*PROBLEM TO SOLVE*. Reproduce, exactly and in full, only the lines below from the one containing "factor, remove it" through the one containing "antisymmetric \<open>f\<close> kills".

*DATA EXCERPTS*.
(* (1) If a nonzero element of $T_n\cap\mathbb{Q}[\boldsymbol{\theta}_n]$ is antisymmetric, then it has degree exactly $n-1$. (2) If a nonzero element of $T_n\cap\mathbb{Q}[\boldsymbol{\theta}_n,\boldsymbol{\xi}_n]$ is antisymmetric, then it has degree exactly $n-1$.
   Context: Let $\mathbb{Q}[\boldsymbol{\theta}_n,\boldsymbol{\xi}_n,\boldsymbol{\rho}_n]$ be the $\mathbb{Q}$-algebra generated by $3n$ pairwise anticommuting variables $\theta_i,\xi_i,\rho_i$ ($1\le i\le n$), with $\mathfrak{S}_n$ acting by permuting indices simultaneously in all three sets; $\mathbb{Q}[\boldsymbol{\theta}_n]$ and $\mathbb{Q}[\boldsymbol{\theta}_n,\boldsymbol{\xi}_n]$ are the subalgebras generated by the $\theta$'s, resp. the $\theta$'s and $\xi$'s. An element $p$ is antisymmetric if $\sigma(p)=\mathrm{sgn}(\sigma)p$ for all $\sigma\in\mathfrak{S}_n$. Derivatives: for a variable $\alpha_j$, $\partial_{\alpha_j}(\alpha_{i_1}\cdots\alpha_{i_k})=(-1)^{\ell-1}\alpha_{i_1}\cdots\widehat{\alpha_{i_\ell}}\cdots\alpha_{i_k}$ if $\alpha_j$ is the $\ell$-th factor and $0$ otherwise. $T_n:=\{f:\sum_{i=1}^n\partial_{\theta_i}^h\partial_{\xi_i}^k\partial_{\rho_i}^\ell f=0\ \forall h,k,\ell\ge0,\ h+k+\ell>0\}$. Degree means total degree in the variables. *)

theory Defs
  imports Complex_Main "HOL-Library.Product_Lexorder" "HOL-Combinatorics.Permutations"
begin

text \<open>Variables: (0,i) = theta_i, (1,i) = xi_i, (2,i) = rho_i, for 1 <= i <= n. An element of the exterior
  algebra is represented by its coefficient function on monomials: a finite set S of
  variables stands for the product of its elements in increasing order.\<close>

type_synonym var = "nat \<times> nat"
type_synonym ext = "var set \<Rightarrow> rat"

definition vars :: "nat set \<Rightarrow> nat \<Rightarrow> var set" where
  "vars K n = K \<times> {1..n}"

definition in_alg :: "nat set \<Rightarrow> nat \<Rightarrow> ext \<Rightarrow> bool" where
  "in_alg K n f \<longleftrightarrow> (\<forall>S. f S \<noteq> 0 \<longrightarrow> S \<subseteq> vars K n)"

text \<open>Left derivative with respect to a variable a: on a monomial, if a is the l-th
  factor, remove it with sign (-1)^(l-1).\<close>
definition pd :: "var \<Rightarrow> ext \<Rightarrow> ext" where
  "pd a f S = (if a \<in> S then 0
      else (-1) ^ card {b \<in> S. b < a} * f (insert a S))"

definition T_space :: "nat \<Rightarrow> ext set" where
  "T_space n = {f. \<forall>h k l. h + k + l > 0 \<longrightarrow>
      (\<forall>S. (\<Sum>i = 1..n. ((pd (0, i)) ^^ h) (((pd (1, i)) ^^ k) (((pd (2, i)) ^^ l) f)) S) = 0)}"

definition vmap :: "(nat \<Rightarrow> nat) \<Rightarrow> var \<Rightarrow> var" where
  "vmap \<sigma> v = (fst v, \<sigma> (snd v))"

definition ninv :: "(nat \<Rightarrow> nat) \<Rightarrow> var set \<Rightarrow> nat" where
  "ninv \<sigma> S = card {(a, b). a \<in> S \<and> b \<in> S \<and> a < b \<and> vmap \<sigma> b < vmap \<sigma> a}"

text \<open>sigma(x_S) = (-1)^(inversions) x_{sigma S}, extended linearly.\<close>
definition act :: "(nat \<Rightarrow> nat) \<Rightarrow> ext \<Rightarrow> ext" where
  "act \<sigma> f T = (let S = vmap (inv \<sigma>) ` T in (-1) ^ ninv \<sigma> S * f S)"

definition antisymmetric :: "nat \<Rightarrow> ext \<Rightarrow> bool" where
  "antisymmetric n f \<longleftrightarrow>
     (\<forall>\<sigma>. \<sigma> permutes {1..n} \<longrightarrow> act \<sigma> f = (\<lambda>T. of_int (sign \<sigma>) * f T))"

definition degree_ext :: "ext \<Rightarrow> nat" where
  "degree_ext f = Max {card S | S. f S \<noteq> 0}"

end

theory Submission
  imports Defs
begin

text \<open>Write a monomial in \<open>\<theta>, \<xi>\<close> as \<open>\<theta>\<^sub>A \<xi>\<^sub>B\<close> with \<open>A, B \<subseteq> {1..n}\<close>; its degree
  is \<open>n - |C| + |A \<inter> B|\<close> where \<open>C = {1..n} - (A \<union> B)\<close>. Applying a transposition \<open>(i j)\<close> to an
  antisymmetric \<open>f\<close> kills the coefficient when \<open>i, j \<in> C\<close> or \<open>i, j \<in> A \<inter> B\<close>, so
  \<open>|C|, |A \<inter> B| \<le> 1\<close>, and the degree is \<open>n - 1\<close> unless \<open>C = {}\<close> or \<open>A \<inter> B \<noteq> {}\<close>.
  These remaining coefficients are killed by the equations \<open>\<Sum>\<^sub>i \<partial>\<theta>\<^sub>i f = 0\<close>,
  \<open>\<Sum>\<^sub>i \<partial>\<xi>\<^sub>i f = 0\<close> and \<open>\<Sum>\<^sub>i \<partial>\<theta>\<^sub>i \<partial>\<xi>\<^sub>i f = 0\<close> of \<open>T\<^sub>n\<close>, read off at suitable monomials: by
  antisymmetry, all terms \<open>\<partial>\<theta>\<^sub>j f\<close> with \<open>\<xi>\<^sub>j\<close> present in the monomial coincide, and so do all terms
  \<open>\<partial>\<xi>\<^sub>j f\<close> with \<open>\<theta>\<^sub>j\<close> present, which leaves at most two distinct terms per equation.\<close>

definition tx_monomial :: "nat set \<Rightarrow> nat set \<Rightarrow> var set" where
  "tx_monomial A B = Pair 0 ` A \<union> Pair 1 ` B"

definition inversions :: "(nat \<Rightarrow> nat) \<Rightarrow> nat set \<Rightarrow> (nat \<times> nat) set" where
  "inversions \<sigma> X = {(x, y). x \<in> X \<and> y \<in> X \<and> x < y \<and> \<sigma> y < \<sigma> x}"

lemma card_image_Pair [simp]: "card (Pair a ` X) = card X"
  by (simp add: card_image inj_on_def)

lemma theta_mem_tx_monomial [simp]: "(0, x) \<in> tx_monomial A B \<longleftrightarrow> x \<in> A"
  by (auto simp: tx_monomial_def)

lemma xi_mem_tx_monomial [simp]: "(Suc 0, x) \<in> tx_monomial A B \<longleftrightarrow> x \<in> B"
  by (auto simp: tx_monomial_def)

lemma card_tx_monomial:
  "finite A \<Longrightarrow> finite B \<Longrightarrow> card (tx_monomial A B) = card A + card B"
  unfolding tx_monomial_def by (subst card_Un_disjoint) auto

lemma tx_monomial_of_subset:
  assumes "S \<subseteq> vars {0, 1} n"
  shows "S = tx_monomial {i. (0, i) \<in> S} {i. (1, i) \<in> S}"
    and "{i. (0, i) \<in> S} \<subseteq> {1..n}" and "{i. (1, i) \<in> S} \<subseteq> {1..n}"
  using assms by (auto simp: tx_monomial_def vars_def)

lemma pd_theta_tx_monomial:
  "pd (0, x) f (tx_monomial A B) =
     (if x \<in> A then 0 else (-1) ^ card {y \<in> A. y < x} * f (tx_monomial (insert x A) B))"
proof -
  have "{v \<in> tx_monomial A B. v < (0, x)} = Pair 0 ` {y \<in> A. y < x}"
    by (auto simp: tx_monomial_def less_prod_def')
  moreover have "insert (0, x) (tx_monomial A B) = tx_monomial (insert x A) B"
    by (auto simp: tx_monomial_def)
  ultimately show ?thesis
    by (simp add: pd_def)
qed

lemma pd_xi_tx_monomial:
  assumes "finite A"
  shows "pd (Suc 0, x) f (tx_monomial A B) =
     (if x \<in> B then 0
      else (-1) ^ (card A + card {y \<in> B. y < x}) * f (tx_monomial A (insert x B)))"
proof -
  have "{v \<in> tx_monomial A B. v < (Suc 0, x)} = Pair 0 ` A \<union> Pair 1 ` {y \<in> B. y < x}"
    by (auto simp: tx_monomial_def less_prod_def')
  moreover have "card (Pair (0 :: nat) ` A \<union> Pair 1 ` {y \<in> B. y < x}) = card A + card {y \<in> B. y < x}"
    using assms by (subst card_Un_disjoint) auto
  moreover have "insert (Suc 0, x) (tx_monomial A B) = tx_monomial A (insert x B)"
    by (auto simp: tx_monomial_def)
  ultimately show ?thesis
    by (simp add: pd_def)
qed

lemma ninv_tx_monomial:
  assumes "finite A" "finite B"
  shows "ninv \<sigma> (tx_monomial A B) = card (inversions \<sigma> A) + card (inversions \<sigma> B)"
proof -
  let ?lift = "\<lambda>k (x :: nat, y :: nat). ((k :: nat, x), (k, y))"
  have "{(a, b). a \<in> tx_monomial A B \<and> b \<in> tx_monomial A B \<and> a < b \<and> vmap \<sigma> b < vmap \<sigma> a}
      = ?lift 0 ` inversions \<sigma> A \<union> ?lift 1 ` inversions \<sigma> B"
    by (auto simp: inversions_def tx_monomial_def vmap_def less_prod_def' image_iff)
  moreover have "finite (inversions \<sigma> X)" if "finite X" for X
    using finite_subset[of "inversions \<sigma> X" "X \<times> X"] that by (auto simp: inversions_def)
  then have "card (?lift 0 ` inversions \<sigma> A \<union> ?lift 1 ` inversions \<sigma> B)
      = card (?lift 0 ` inversions \<sigma> A) + card (?lift 1 ` inversions \<sigma> B)"
    using assms by (intro card_Un_disjoint) auto
  moreover have "card (?lift k ` X) = card X" for k X
    by (rule card_image) (auto simp: inj_on_def)
  ultimately show ?thesis
    unfolding ninv_def by presburger
qed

*RESULT*.
  factor, remove it with sign (-1)^(l-1).\<close>
definition pd :: "var \<Rightarrow> ext \<Rightarrow> ext" where
  "pd a f S = (if a \<in> S then 0
      else (-1) ^ card {b \<in> S. b < a} * f (insert a S))"

definition T_space :: "nat \<Rightarrow> ext set" where
  "T_space n = {f. \<forall>h k l. h + k + l > 0 \<longrightarrow>
      (\<forall>S. (\<Sum>i = 1..n. ((pd (0, i)) ^^ h) (((pd (1, i)) ^^ k) (((pd (2, i)) ^^ l) f)) S) = 0)}"

definition vmap :: "(nat \<Rightarrow> nat) \<Rightarrow> var \<Rightarrow> var" where
  "vmap \<sigma> v = (fst v, \<sigma> (snd v))"

definition ninv :: "(nat \<Rightarrow> nat) \<Rightarrow> var set \<Rightarrow> nat" where
  "ninv \<sigma> S = card {(a, b). a \<in> S \<and> b \<in> S \<and> a < b \<and> vmap \<sigma> b < vmap \<sigma> a}"

text \<open>sigma(x_S) = (-1)^(inversions) x_{sigma S}, extended linearly.\<close>
definition act :: "(nat \<Rightarrow> nat) \<Rightarrow> ext \<Rightarrow> ext" where
  "act \<sigma> f T = (let S = vmap (inv \<sigma>) ` T in (-1) ^ ninv \<sigma> S * f S)"

definition antisymmetric :: "nat \<Rightarrow> ext \<Rightarrow> bool" where
  "antisymmetric n f \<longleftrightarrow>
     (\<forall>\<sigma>. \<sigma> permutes {1..n} \<longrightarrow> act \<sigma> f = (\<lambda>T. of_int (sign \<sigma>) * f T))"

definition degree_ext :: "ext \<Rightarrow> nat" where
  "degree_ext f = Max {card S | S. f S \<noteq> 0}"

end

theory Submission
  imports Defs
begin

text \<open>Write a monomial in \<open>\<theta>, \<xi>\<close> as \<open>\<theta>\<^sub>A \<xi>\<^sub>B\<close> with \<open>A, B \<subseteq> {1..n}\<close>; its degree
  is \<open>n - |C| + |A \<inter> B|\<close> where \<open>C = {1..n} - (A \<union> B)\<close>. Applying a transposition \<open>(i j)\<close> to an
  antisymmetric \<open>f\<close> kills the coefficient when \<open>i, j \<in> C\<close> or \<open>i, j \<in> A \<inter> B\<close>, so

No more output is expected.